Assorted Steemit ideas from a geek of many chromosomes
The first of these, I've plugged elsewhere but will put here as an actual posted idea for discussion - the multi-queue.
The idea is very simple. You have a proto-story queue, which I am tempted to call the Firehose but won't. This is a story marketplace, an incubator for overly raw material. People like me who have decent enough stories to tell but no capacity to tell them present a story that's been redrafted to death, we're sick of it, but it's not "prime time" material. Decent writers shuffle through and buy up the stories that interest them. No obligations, but they now own the rights to it, end of story.
If the decent writers can then make more off the main site than they paid, everyone wins. Although the price for a draft is likely to be very low, due to the fact that although it may be content-rich, it needs to be story-rich. People need to have a reason to care about what comes after.
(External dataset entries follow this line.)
lemma (in comm_group) pow_mem_maximal_subgroup:
  assumes ord: "order G = p ^ k" and max: "maximal_subgroup M G" and a: "a \<in> carrier G"
  shows "a [^] p \<in> M"
proof (rule ccontr)
  assume notin: "a [^] p \<notin> M"
  have M: "subgroup M G" using max by (simp add: maximal_subgroup_def)
  obtain m g where "m \<in> M" and g: "g \<in> generate G {a [^] p}" and "a = m \<otimes> g"
    using maximal_subgroup_mult_generate[OF max _ notin] a unfolding set_mult_def by blast
  then have "a \<in> M #> g" unfolding r_coset_def by blast
  moreover obtain n :: int where "g = (a [^] p) [^] n" using g generate_pow a by auto
  moreover have "(a [^] p) [^] n = a [^] (int p * n)"
    using a int_pow_pow[of a "int p" n] by (simp add: int_pow_int)
  ultimately have "M #> a [^] (int p * n) = M #> a"
    using repr_independence[OF _ _ M] a by simp
  moreover have "a [^] ((int p * n) ^ k) = \<one>"
  proof -
    have "a [^] ((int p * n) ^ k) = (a [^] int (order G)) [^] (n ^ k)"
      using a ord by (simp add: int_pow_pow power_mult_distrib)
    then show ?thesis using pow_order_eq_1[OF a] a by (simp add: int_pow_int)
  qed
  ultimately have "a \<in> M"
    using normal.mem_if_rcos_int_pow_fixed[OF subgroup_imp_normal[OF M] a] by blast
  then show False
    using notin subgroup_int_pow_closed[OF M, of a "int p"] by (simp add: int_pow_int)
qed

lemma (in comm_group) sub_closure_subgroups_above_pth_powers:
  assumes fin: "finite (carrier G)" and ord: "order G = p ^ k"
    and I: "I \<subseteq> {a [^] p | a. a \<in> carrier G}"
  shows "sub_closure G {K. subgroup K G \<and> K \<noteq> carrier G \<and> I \<subseteq> K} = proper_subgroups G"
proof -
  have "L \<in> proper_subgroups G \<longleftrightarrow>
      subgroup L G \<and> (\<exists>K. subgroup K G \<and> K \<noteq> carrier G \<and> I \<subseteq> K \<and> L \<subseteq> K)" for L
  proof
    assume L: "L \<in> proper_subgroups G"
    then obtain M where M: "maximal_subgroup M G" "L \<subseteq> M"
      using ex_maximal_subgroup_above[OF fin] by (auto simp: proper_subgroups_def)
    moreover have "I \<subseteq> M" using pow_mem_maximal_subgroup[OF ord M(1)] I by blast
    ultimately show "subgroup L G \<and> (\<exists>K. subgroup K G \<and> K \<noteq> carrier G \<and> I \<subseteq> K \<and> L \<subseteq> K)"
      using L by (auto simp: maximal_subgroup_def proper_subgroups_def)
  next
    assume "subgroup L G \<and> (\<exists>K. subgroup K G \<and> K \<noteq> carrier G \<and> I \<subseteq> K \<and> L \<subseteq> K)"
    then show "L \<in> proper_subgroups G"
      unfolding proper_subgroups_def by (blast dest: subgroup.subset)
  qed
  then show ?thesis by (subst sub_closure_eq_subgroups_below) auto
qed

theorem lemma6p5:
  fixes A :: "('a, 'b) monoid_scheme" and p h :: nat and f :: "(nat \<Rightarrow> nat \<Rightarrow> int) \<Rightarrow> 'a"
  assumes "comm_group A" and "finite (carrier A)" and "Factorial_Ring.prime p"
    and "\<exists>k. order A = p ^ k"
    and "f \<in> hom (padic_pow p h) A"
    and "padic_continuous p h f"
  shows "(family_of_map A (padic_pow p h) f
           = pullback_family A (\<lambda>a. f ` carrier (padic_pow p h) #>\<^bsub>A\<^esub> a)
               (proper_subgroups (A Mod (f ` carrier (padic_pow p h)))))
         \<and> (f ` carrier (padic_pow p h) \<subseteq> {a [^]\<^bsub>A\<^esub> p | a. a \<in> carrier A}
           \<longrightarrow> family_of_map A (padic_pow p h) f = proper_subgroups A)"
proof -
  let ?I = "f ` carrier (padic_pow p h)"
  have "group_hom (padic_pow p h) A f"
    using comm_group_padic_pow[OF prime_gt_0_nat[OF assms(3)]] assms(1,5)
    by (simp add: group_hom_def group_hom_axioms_def comm_group.axioms(2))
  then have "?I \<lhd> A"
    using group_hom.img_is_subgroup comm_group.subgroup_imp_normal[OF assms(1)] by blast
  have generators: "family_of_map A (padic_pow p h) f
      = sub_closure A {K. subgroup K A \<and> K \<noteq> carrier A \<and> ?I \<subseteq> K}"
    unfolding family_of_map_def by simp
  obtain k where "order A = p ^ k" using assms(4) by blast
  have "sub_closure A {K. subgroup K A \<and> K \<noteq> carrier A \<and> ?I \<subseteq> K}
      = pullback_family A (\<lambda>a. ?I #>\<^bsub>A\<^esub> a) (proper_subgroups (A Mod ?I))"
    unfolding pullback_family_def normal.proper_subgroups_above_eq_vimages[OF \<open>?I \<lhd> A\<close>] ..
  then show ?thesis
    unfolding generators
    using comm_group.sub_closure_subgroups_above_pth_powers[OF assms(1,2) \<open>order A = p ^ k\<close>]
    by blast
qed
The second idea is based on the fact that some people write stories. Scrolling stories is ok, some people like it, but I would like to propose an interface to the OpenLibrary code so that stories can also be read just like a book. Data is just data, having multiple ways to view it might be good.
The third idea is an author's scratchpad. Have each author with an area where they can scribble notes, sort ideas, doodle, etc, where it isn't a story. The author has access, nobody else. It's where half-formed ideas develop. The step before incubation, but an important step, it's where ideas don't get lost or get pushed forward when not yet ready.
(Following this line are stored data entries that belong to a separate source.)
lemma mem_lattice_iff_coord_Ints: "v \<in> L \<longleftrightarrow> (\<forall>j<4. coord j v \<in> \<int>)"
proof (intro iffI allI impI)
  fix j :: nat assume "v \<in> L" "j < 4"
  then obtain n where v: "v = (\<Sum>i<4. of_int (n i) *\<^sub>R b i)" using lattice_eq by auto
  have "coord j v = (\<Sum>i<4. of_int (n i) * coord j (b i))"
    unfolding v by (simp add: linear_sum[OF linear_coord] coord_scaleR)
  also have "\<dots> = (\<Sum>i<4. if i = j then of_int (n j) else 0)"
    by (rule sum.cong) (use \<open>j < 4\<close> coord_basis in auto)
  also have "\<dots> = of_int (n j)" using \<open>j < 4\<close> by simp
  finally show "coord j v \<in> \<int>" by simp
next
  assume "\<forall>j<4. coord j v \<in> \<int>"
  define n where "n j = (SOME k. coord j v = of_int k)" for j
  have "coord j v = of_int (n j)" if "j < 4" for j
    using \<open>\<forall>j<4. _\<close> that unfolding n_def by (auto elim!: Ints_cases intro: someI)
  then have "(\<Sum>j<4. coord j v *\<^sub>R b j) = (\<Sum>i<4. of_int (n i) *\<^sub>R b i)"
    by (intro sum.cong) auto
  then show "v \<in> L" using sum_coord_basis[of v] lattice_eq by auto
qed

lemma lattice_add: "u \<in> L \<Longrightarrow> v \<in> L \<Longrightarrow> u + v \<in> L"
  by (simp add: mem_lattice_iff_coord_Ints coord_add)

lemma lattice_diff: "u \<in> L \<Longrightarrow> v \<in> L \<Longrightarrow> u - v \<in> L"
  by (simp add: mem_lattice_iff_coord_Ints coord_diff)

lemma lattice_Ints_scaleR: "u \<in> L \<Longrightarrow> k \<in> \<int> \<Longrightarrow> k *\<^sub>R u \<in> L"
  by (simp add: mem_lattice_iff_coord_Ints coord_scaleR)

lemma basis_in_lattice: "i < 4 \<Longrightarrow> b i \<in> L"
  by (simp add: mem_lattice_iff_coord_Ints coord_basis)

lemma basis_nonzero: "i < 4 \<Longrightarrow> b i \<noteq> 0"
  using independent_basis real_vector.dependent_zero[of "b ` {..<4}"] by auto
The last idea is to have a link into other social media. Not WasteB, err, Facebook, I'm thinking more along the lines of Utherverse, countercultural venues such as Freenet and Syndie. Syndie would be the difficult one, but a Freenet connection to Steemit should be easy. No guarantees over who - or what, as they might not be human - would cross the bridge, but I can say it's likely to do odd things to the balance of articles. It should diffuse the stuff that's pretty turgid, effectively bulking up the quality, as well as increasing site activity.